Andrew Edgeworth is a former journalist who has been writing short fiction since 2013. He was awarded the 2017 Origins flash fiction prize by Creative Industries Trafford and was runner up in the 2019 Splash Fiction competition run by Victoria Baths. He lives in Manchester with his dog, Orwell.

In The Colombian, a young man who is clearing out his parents’ house after their deaths receives an unexpected visit.

Enjoy!

My father bought paperweights for her all the time. Every birthday, wedding anniversary and Christmas. When he died I continued to buy them for her. She became a collector. They sat in a teak display cabinet in the hallway, each one a strange planet in a human solar system revolving around her, its sun.

The house felt different that day in December; the colours had faded and despite everything still being familiar, it seemed disparate, no longer the place I grew up. My mother had passed some months before and I’d come back to clear out her belongings. She had run it as a bed and breakfast successfully for many years, but its fortunes had tailed off along with those of the whole city.

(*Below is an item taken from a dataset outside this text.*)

(* Let $S\subset\mathbf{P}^4_{\mathbb{Q}}$ be a smooth quadric surface such that the double covering $\pi:O\to\mathbf{P}^4_{\mathbb{Q}}$ splits over $S$, $S$ is tangent to the five coordinate hyperplanes $H_0,\ldots,H_4$, and for each $i$ the point of tangency of $S$ with $H_i$ is contained in one of the three lines on $H_i\cap R$. Write $P^{(0)}=(0:x_1^{(0)}:x_2^{(0)}:x_3^{(0)}:x_4^{(0)})$ for the point of tangency of $S$ with $H_0$. Then $x_1^{(0)},x_2^{(0)},x_3^{(0)},x_4^{(0)}\neq0$.
   Context: Let $\Delta'(x_0,\ldots,x_4):=\prod_{i_1,\ldots,i_4\in\{0,1\}}\big(\sqrt{x_0}+(-1)^{i_1}\sqrt{x_1}+(-1)^{i_2}\sqrt{x_2}+(-1)^{i_3}\sqrt{x_3}+(-1)^{i_4}\sqrt{x_4}\big)\in\mathbb{Q}[x_0,\ldots,x_4]$ (degree $8$). $O$ is the double covering $\pi:O\to\mathbf{P}^4_{\mathbb{Q}}$ given by $w^2=(-3)\Delta'(x_0,\ldots,x_4)$; it splits over $S$ if $(-3)\Delta'$ restricted to $S$ is a square, i.e. $\pi^{-1}(S)\to S$ is a trivial double covering. $R$ is the locus $\Delta'=0$ and $H_i$ the hyperplane $x_i=0$. The three lines on $H_0\cap R$ are $\{(0:r:r:s:s)\}$, $\{(0:r:s:r:s)\}$, $\{(0:r:s:s:r)\}$, and analogously for the other $H_i$. $S$ is tangent to $H_i$ at $P$ if $T_PS\subset H_i$. *)

theory Defs
  imports Complex_Main
begin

It was still a beautiful house. A Victorian four-storey terrace with huge rooms and high ceilings, situated on one of the many elm-lined avenues close to the city centre. My father had worked in the shipyards and helped out where he could, but after he died, when I was still a teenager, she had continued to run it by herself. It had been popular with travelling salesmen and contractors working in heavy industry, but once that all stopped she’d struggled.